Lost Girls(35)
“Is your fever gone?” she asked, a cup of coffee poised at the edge of her lips. She wasn’t going to take a drink until she knew I was okay.
“Yeah. It went away last night, before I went to bed.”
“Good. You sure you feel okay to go to school?”
“Yes,” I answered quickly, fighting the panicked sensation that my chest was filling with ice, my throat tightening. I couldn’t stay home today, I just couldn’t. I glanced up at Dad, hoping to get some support but he stood with his back to me, scrubbing out the pan. Kyle watched me as if trying to learn my methods of manipulation. “I have a test in physics,” I said, which was true but not why I needed to be there. I needed to see Dylan. He hadn’t answered my text this morning and I had to make sure we were still on for our date. I didn’t even know the details of where we were going or when.
I might be going to a rave tonight.
My fork slipped from my fingers and clattered to the table.

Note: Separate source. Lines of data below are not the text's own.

(* Let $T$ be a local, translation-invariant stochastic matrix on $\mathbb{Z}\times\{1,\dots,D\}$ with $\det X(k)\ne0$ for all $k\in[-\pi,\pi]$. Suppose there are positive numbers $\pi_1,\dots,\pi_D>0$ such that, setting $\pi_{i,a}=\pi_a$ for all $i$, the vector $\boldsymbol\pi=(\pi_{i,a})$ is a steady state, $T\boldsymbol\pi=\boldsymbol\pi$, and $T$ satisfies the detailed balance condition $$T_{i,a;j,b}\,\pi_{j,b}=T_{j,b;i,a}\,\pi_{i,a}\quad\text{for all } i,j,a,b .$$ Then $w(T,0)=0$.
   Context: States are pairs $(j,a)$, $j\in\mathbb{Z}$, $a\in\{1,\dots,D\}$. A stochastic matrix is a real matrix $T=(T_{i,a;j,b})$ with $T_{i,a;j,b}\ge0$ and $\sum_{i,a}T_{i,a;j,b}=1$ for all $(j,b)$. It is local if there are $C,\ell>0$ with $T_{i,a;j,b}\le Ce^{-|i-j|/\ell}$ for all sufficiently large $|i-j|$, and translation invariant if $T_{i+1,a;j+1,b}=T_{i,a;j,b}$. The Bloch matrix is $X(k)$ with $X_{a,b}(k)=\sum_{l\in\mathbb{Z}}T_{j+l,a;j,b}e^{-ikl}$, $k\in[-\pi,\pi]$, and $w(T,0)=\int_{-\pi}^{\pi}\frac{dk}{2\pi i}\partial_k\log\det X(k)\in\mathbb{Z}$. *)

theory Defs
  imports "HOL-Analysis.Analysis"
begin

text \<open>A matrix on the state space Z x {1..D} is a function
  T i a j b = T_{i,a;j,b}; only values with a, b in {1..D} matter.\<close>

type_synonym smat = "int \<Rightarrow> nat \<Rightarrow> int \<Rightarrow> nat \<Rightarrow> real"

definition stochastic :: "nat \<Rightarrow> smat \<Rightarrow> bool" where
  "stochastic D T \<longleftrightarrow>
     (\<forall>i j a b. a \<in> {1..D} \<and> b \<in> {1..D} \<longrightarrow> T i a j b \<ge> 0) \<and>
     (\<forall>j b. b \<in> {1..D} \<longrightarrow>
        ((\<lambda>(i, a). T i a j b) has_sum 1) (UNIV \<times> {1..D}))"

definition local_mat :: "nat \<Rightarrow> smat \<Rightarrow> bool" where
  "local_mat D T \<longleftrightarrow>
     (\<exists>C L. C > 0 \<and> L > 0 \<and> (\<exists>N. \<forall>i j a b. a \<in> {1..D} \<and> b \<in> {1..D} \<and> \<bar>i - j\<bar> \<ge> N \<longrightarrow>
        T i a j b \<le> C * exp (- real_of_int \<bar>i - j\<bar> / L)))"

definition transl_inv :: "nat \<Rightarrow> smat \<Rightarrow> bool" where
  "transl_inv D T \<longleftrightarrow>
     (\<forall>i j a b. a \<in> {1..D} \<and> b \<in> {1..D} \<longrightarrow> T (i + 1) a (j + 1) b = T i a j b)"

text \<open>Bloch matrix X(k)_{a,b} = sum_l T_{j+l,a;j,b} e^{-ikl} (evaluated at j = 0,
  which is independent of j by translation invariance).\<close>
definition bloch :: "smat \<Rightarrow> real \<Rightarrow> nat \<Rightarrow> nat \<Rightarrow> complex" where
  "bloch T k a b = (\<Sum>\<^sub>\<infinity>l\<in>(UNIV::int set).
      complex_of_real (T l a 0 b) * exp (- \<i> * complex_of_real (k * real_of_int l)))"

definition detD :: "nat \<Rightarrow> (nat \<Rightarrow> nat \<Rightarrow> complex) \<Rightarrow> complex" where
  "detD D M = (\<Sum>p | p permutes {1..D}. of_int (sign p) * (\<Prod>a\<in>{1..D}. M (p a) a))"

definition bloch_det :: "nat \<Rightarrow> smat \<Rightarrow> real \<Rightarrow> complex" where
  "bloch_det D T k = detD D (bloch T k)"

text \<open>w(T,0) = int_{-pi}^{pi} dk/(2 pi i) d_k log det X(k)
   = (1/(2 pi i)) int_{-pi}^{pi} (det X)'(k) / det X(k) dk.\<close>
definition winding_w :: "nat \<Rightarrow> smat \<Rightarrow> complex" where
  "winding_w D T = integral {-pi..pi}
      (\<lambda>k. vector_derivative (bloch_det D T) (at k) / bloch_det D T k) / (2 * pi * \<i>)"

end

theory Submission
  imports Defs
begin

(* Detailed balance with respect to the positive weights p, together with translation
   invariance, gives p_b X(k)_{ab} = p_a X(-k)_{ba}: X(k) is diagonally similar to the
   transpose of X(-k), so det X(k) is an even function of k. Locality makes the entries of
   X(k) Fourier series with exponentially decaying coefficients, so det X is differentiable.
   Its logarithmic derivative is then odd, and its integral over [-pi, pi] vanishes. *)

lemma detD_cong:
  assumes "\<And>a b. a \<in> {1..D} \<Longrightarrow> b \<in> {1..D} \<Longrightarrow> M a b = N a b"
  shows "detD D M = detD D N"
proof -
  have "(\<Prod>a\<in>{1..D}. M (s a) a) = (\<Prod>a\<in>{1..D}. N (s a) a)" if "s permutes {1..D}" for s
    using assms permutes_in_image[OF that] by (intro prod.cong) auto
  then show ?thesis
    unfolding detD_def by (intro sum.cong) auto
qed

lemma detD_transpose: "detD D (\<lambda>a b. M b a) = detD D M"
proof -
  have "detD D (\<lambda>a b. M b a)
      = (\<Sum>s | s permutes {1..D}. of_int (sign (inv s)) * (\<Prod>b\<in>{1..D}. M (inv s b) b))"
    unfolding detD_def
  proof (rule sum.cong[OF refl])
    fix s assume "s \<in> {s. s permutes {1..D}}"
    then have s: "s permutes {1..D}" by simp
    have "sign (inv s) = sign s"
      by (rule sign_inverse) (use s permutation_permutes in blast)
    then show "of_int (sign s) * (\<Prod>a\<in>{1..D}. M a (s a))
        = of_int (sign (inv s)) * (\<Prod>b\<in>{1..D}. M (inv s b) b)"
      using prod.permutes_inv[OF s, of "\<lambda>b a. M a b"] by simp
  qed
  also have "\<dots> = detD D M"
    unfolding detD_def by (rule sum_permutations_inverse[symmetric])
  finally show ?thesis .
qed

lemma detD_diagonal_similarity:
  assumes "\<forall>a\<in>{1..D}. q a \<noteq> 0"
  shows "detD D (\<lambda>a b. q a * M a b / q b) = detD D M"
  unfolding detD_def
proof (rule sum.cong[OF refl])
  fix s assume "s \<in> {s. s permutes {1..D}}"
  then have s: "s permutes {1..D}" by simp
  have "(\<Prod>a\<in>{1..D}. q (s a) * M (s a) a / q a)
      = (\<Prod>a\<in>{1..D}. q (s a)) / (\<Prod>a\<in>{1..D}. q a) * (\<Prod>a\<in>{1..D}. M (s a) a)"
    by (simp add: prod.distrib prod_dividef)
  also have "(\<Prod>a\<in>{1..D}. q (s a)) = (\<Prod>a\<in>{1..D}. q a)"
    using prod.permute[OF s, of q] by (simp add: o_def)
  also have "(\<Prod>a\<in>{1..D}. q a) / (\<Prod>a\<in>{1..D}. q a) = 1"
    using assms by simp
  finally show "of_int (sign s) * (\<Prod>a\<in>{1..D}. q (s a) * M (s a) a / q a)
      = of_int (sign s) * (\<Prod>a\<in>{1..D}. M (s a) a)"
    by simp
qed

“And I—um—I sort of, you know, have a date tonight,” I told them, not looking up, not wanting to see the expressions on their faces while they talked to each other without words. Mom would be raising her eyebrows, Dad would be tightening his lips, one of them would be thinking, no way and the other, well, maybe. But in the end, they always came to some sort of silent agreement. They argued about other things—where to take vacations, what cars to buy, what movies to rent—but they never argued about Kyle or me. At least not in front of us.
“Have we met this boy?” Dad asked.
The fact that he was asking a question was better than hearing no. “I don’t know. I’ve been dating him for a while, but I don’t remember if he’s been here or not.”
“He needs to come inside for a few minutes,” Mom said. “We have to talk to him.”
I swallowed nervously, but nodded. “Sure.”
“Be home by midnight.”
“Eleven thirty is better.”
I frowned. Seriously? Eleven thirty? I wanted to argue, but I knew this wasn’t the time or place. Maybe they’d let me stay out later next time. Or maybe— I glanced at Kyle, who was trying to keep a low profile. He’d said that I used to sneak out in the middle of the night to get high and drunk. So, obviously there was a way to get back out if I wanted. Maybe he knew how I used to do it.
“Okay,” I said, forcing a smile. “I won’t stay out late.”
...
The rest of the day was a blur. One class flowed into another, faces passed me in the hallway, assignments were given and forgotten almost immediately. Only a few things stood out: Molly meeting me at my locker in the morning, giving me a hug, and then blending in with the crowd, like she didn’t want to blow my cover; Dylan not being in first period, which might have meant that he was sick and we weren’t going on a date after all; Sammy, that head Dragon Girl with the grillwork, trying to get a reaction out of me by ‘accidentally’ slamming into me on the way out of class and knocking my books out of my hand.
Yesterday I would have flattened her, we both would have gotten suspended, and I’d have gotten grounded. But it wasn’t the threat of suspension or being grounded that stopped me. It was the memory of Janie sprawled in the street, me standing over her, alien emotions warring inside me.
I’d been tempted to kill her.
If that was the new me, I hated her. I wasn’t going to let her rule my life.
“Watch it!” I’d said to Sammy, elbowing her out of my way.
She’d glared at me, defiant, chin thrust out, disappointment in her eyes because I didn’t hit her. She’d been expecting a fight. I could feel her girls watching us from the other side of the room, and when I turned to look at them, their gazes shifted from Sammy to me and back again.
I wasn’t sure how or why, but it was obvious that she’d just lost their respect.
...
Dylan still hadn’t shown up by lunch and, despite all my earlier promises to myself, I wasn’t able to eat. I toyed with the pizza on my plate, stabbing it with a fork, moving it around, cutting off a bite but not lifting it to my mouth. Lauren sat beside me, chattering away, asking me if I liked her skirt, her shoes, her new Burberry purse, her eyes glittering as she sought my approval, her laugh nervous and high-pitched. Molly watched me from the edge of the crowd, a thin smile given whenever I glanced in her direction, as if our friendship was supposed to remain secret. Everyone who sat at my lunch table was acting different today, almost as if they were all taking drugs, something that amplified their personalities about a thousand times. The girls laughed, the boys pushed and argued with each other; they all slugged down cans of Red Bull and Coke and ate foods high in sugar and carbs. They seemed excited about something, something they didn’t talk about but it thrummed beneath every look and every word.
It seemed as if they all had something amazing going on later.
I thought I did, too, but since Dylan wasn’t here and I hadn’t heard from him, it looked like I was just going to be staying home. Playing video games with Kyle and his friends. Or worse, watching some RomCom flick with my parents.
“Why so blue?” Lauren finally asked when she’d run out of ways to try to impress me, after she’d bought me a chocolate milk—because I always got one at lunch, every day except today—and after she’d tried to get me to wear her earrings, the brand-new platinum diamond studs that she got for her birthday.